Result: “…When terror strikes you like a storm and your calamity comes like a whirlwind, when distress and anguish come upon you” (Proverbs 1:27). When they persistently refused to listen to His warnings, God permitted His beloved, chosen people to be decimated at the hands of various empires (Assyrians, Babylonians, and Romans). “Do not be deceived: God is not mocked, for whatever one sows, that will he also reap” (Galatians 6:7).

Choice: I’m going to keep trusting my own wisdom and following my heart.

Result: “Pride goes before destruction, and a haughty spirit before a fall” (Proverbs 16:18). True story: I know a preacher whose pride started kicking in as he was changing the marquee sign for his church. Aware that cars were driving by, he just knew the drivers were admiring his clever work. Finished with the sign, he pivoted to walk back to the church when he tripped and fell on his face. The freshly finished sign said, “Be humble, lest ye stumble.”

The movie The Irishman, starring Robert De Niro, is about the making of a mob hit man. Based on true events, it follows the spiral of Frank Sheeran: his early years as a truck driver, his rise in the Bufalino crime family, his decade in a prison, and his elderly years in a nursing home, from where he narrates the story.

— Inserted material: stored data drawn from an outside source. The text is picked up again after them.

(* (1) For every $2\le n<\omega$, the algebra $K_n$ is a simple regular pseudocomplemented Kleene algebra of range $2$, i.e. a simple algebra of $\mathbf{K}_2$. (2) For $2\le n,m<\omega$, if $K_n$ is isomorphic to a subalgebra of $K_m$, then $n=m$.
   Context: For $2\le n<\omega$ let $A_n=\{a_i:0\le i<n\}$, $B_n=\{b_i:0\le i<n\}$ be disjoint, $S_n=A_n\cup B_n$, and $\zeta(S_n)$ a disjoint copy of $S_n$, with $\zeta$ interchanging each $s\in S_n$ and its copy $\zeta(s)$. $P_n=S_n\cup\zeta(S_n)$ (discrete topology) is ordered by the partial order whose only strict comparabilities are, for $0\le i,j<n$: $a_i<\zeta(a_j)$, $b_i<\zeta(b_j)$, $a_i<\zeta(b_j)$ iff $i\ne j$, $b_i<\zeta(a_j)$ iff $i\ne j$. $K_n$ is the dual algebra of $P_n$: the decreasing subsets $X$ of $P_n$ with $\cap,\cup,\emptyset,P_n$, $X^\ast=P_n\setminus[X)$ and $X'=P_n\setminus\zeta(X)$. $\mathbf{K}_2$ is the variety of pseudocomplemented de Morgan algebras (bounded distributive lattice with pseudocomplement ${}^\ast$ and de Morgan involution ${}^\prime$) satisfying $x\wedge x^{\prime\ast\prime}\le y\vee y^\ast$, $x\wedge x'\le y\vee y'$, and $(x\wedge x^{\prime\ast})^{2(\prime\ast)}=(x\wedge x^{\prime\ast})^{3(\prime\ast)}$, where $x^{0(\prime\ast)}=x$, $x^{(k+1)(\prime\ast)}=((x^{k(\prime\ast)})')^\ast$. *)

theory Defs
  imports Main
begin

record 'a pdma =
  car  :: "'a set"
  mt   :: "'a \<Rightarrow> 'a \<Rightarrow> 'a"
  jn   :: "'a \<Rightarrow> 'a \<Rightarrow> 'a"
  zr   :: "'a"
  on   :: "'a"
  pc   :: "'a \<Rightarrow> 'a"          (* pseudocomplement * *)
  ng   :: "'a \<Rightarrow> 'a"          (* de Morgan involution ' *)

definition ple :: "'a pdma \<Rightarrow> 'a \<Rightarrow> 'a \<Rightarrow> bool" where
  "ple A x y \<longleftrightarrow> mt A x y = x"

definition is_pdma :: "'a pdma \<Rightarrow> bool" where
  "is_pdma A \<longleftrightarrow>
     zr A \<in> car A \<and> on A \<in> car A \<and>
     (\<forall>x\<in>car A. \<forall>y\<in>car A. mt A x y \<in> car A \<and> jn A x y \<in> car A) \<and>
     (\<forall>x\<in>car A. pc A x \<in> car A \<and> ng A x \<in> car A) \<and>
     \<comment> \<open>bounded distributive lattice\<close>
     (\<forall>x\<in>car A. \<forall>y\<in>car A. \<forall>z\<in>car A.
        mt A x (mt A y z) = mt A (mt A x y) z \<and> jn A x (jn A y z) = jn A (jn A x y) z \<and>
        mt A x (jn A y z) = jn A (mt A x y) (mt A x z)) \<and>
     (\<forall>x\<in>car A. \<forall>y\<in>car A.
        mt A x y = mt A y x \<and> jn A x y = jn A y x \<and>
        mt A x (jn A x y) = x \<and> jn A x (mt A x y) = x) \<and>
     (\<forall>x\<in>car A. mt A (zr A) x = zr A \<and> jn A (on A) x = on A) \<and>
     \<comment> \<open>pseudocomplement\<close>
     (\<forall>x\<in>car A. \<forall>y\<in>car A. mt A x y = zr A \<longleftrightarrow> ple A y (pc A x)) \<and>
     \<comment> \<open>de Morgan involution\<close>
     (\<forall>x\<in>car A. ng A (ng A x) = x) \<and>
     (\<forall>x\<in>car A. \<forall>y\<in>car A.
        ng A (jn A x y) = mt A (ng A x) (ng A y) \<and> ng A (mt A x y) = jn A (ng A x) (ng A y))"

definition npc_iter :: "'a pdma \<Rightarrow> nat \<Rightarrow> 'a \<Rightarrow> 'a" where
  "npc_iter A k = (\<lambda>x. pc A (ng A x)) ^^ k"

definition in_K2 :: "'a pdma \<Rightarrow> bool" where
  "in_K2 A \<longleftrightarrow> is_pdma A \<and>
     (\<forall>x\<in>car A. \<forall>y\<in>car A.
        ple A (mt A x (ng A (pc A (ng A x)))) (jn A y (pc A y))) \<and>
     (\<forall>x\<in>car A. \<forall>y\<in>car A. ple A (mt A x (ng A x)) (jn A y (ng A y))) \<and>
     (\<forall>x\<in>car A. npc_iter A 2 (mt A x (pc A (ng A x))) = npc_iter A 3 (mt A x (pc A (ng A x))))"

definition congruence :: "'a pdma \<Rightarrow> ('a \<times> 'a) set \<Rightarrow> bool" where
  "congruence A \<theta> \<longleftrightarrow> equiv (car A) \<theta> \<and>
     (\<forall>x y u v. (x,y) \<in> \<theta> \<longrightarrow> (u,v) \<in> \<theta> \<longrightarrow>
        (mt A x u, mt A y v) \<in> \<theta> \<and> (jn A x u, jn A y v) \<in> \<theta>) \<and>
     (\<forall>x y. (x,y) \<in> \<theta> \<longrightarrow> (pc A x, pc A y) \<in> \<theta> \<and> (ng A x, ng A y) \<in> \<theta>)"

definition simple :: "'a pdma \<Rightarrow> bool" where
  "simple A \<longleftrightarrow> (\<exists>x\<in>car A. \<exists>y\<in>car A. x \<noteq> y) \<and>
     (\<forall>\<theta>. congruence A \<theta> \<longrightarrow> \<theta> = Id_on (car A) \<or> \<theta> = car A \<times> car A)"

The Irishman didn’t feel like three and a half hours. It was well-written and well-acted. But although it didn’t need to be cut any shorter, it also didn’t need to be a full three and a half hours in order for us to already know how it would end, if we knew he would live as long as he did. Estranged from his daughter? No surprise there. Lonely and paranoid? We saw that coming. Regretful over betraying and murdering a friend? Surprise, surprise.

If I could summarize the Bible’s many spoiler alerts, I would say, “Sin is boring.”

You tell me the sin, and the Bible can tell you how the movie ends. For something that is supposed to be exciting, sin is remarkably predictable and boring.

You want to shake things up in the new year? Try trusting and following Jesus.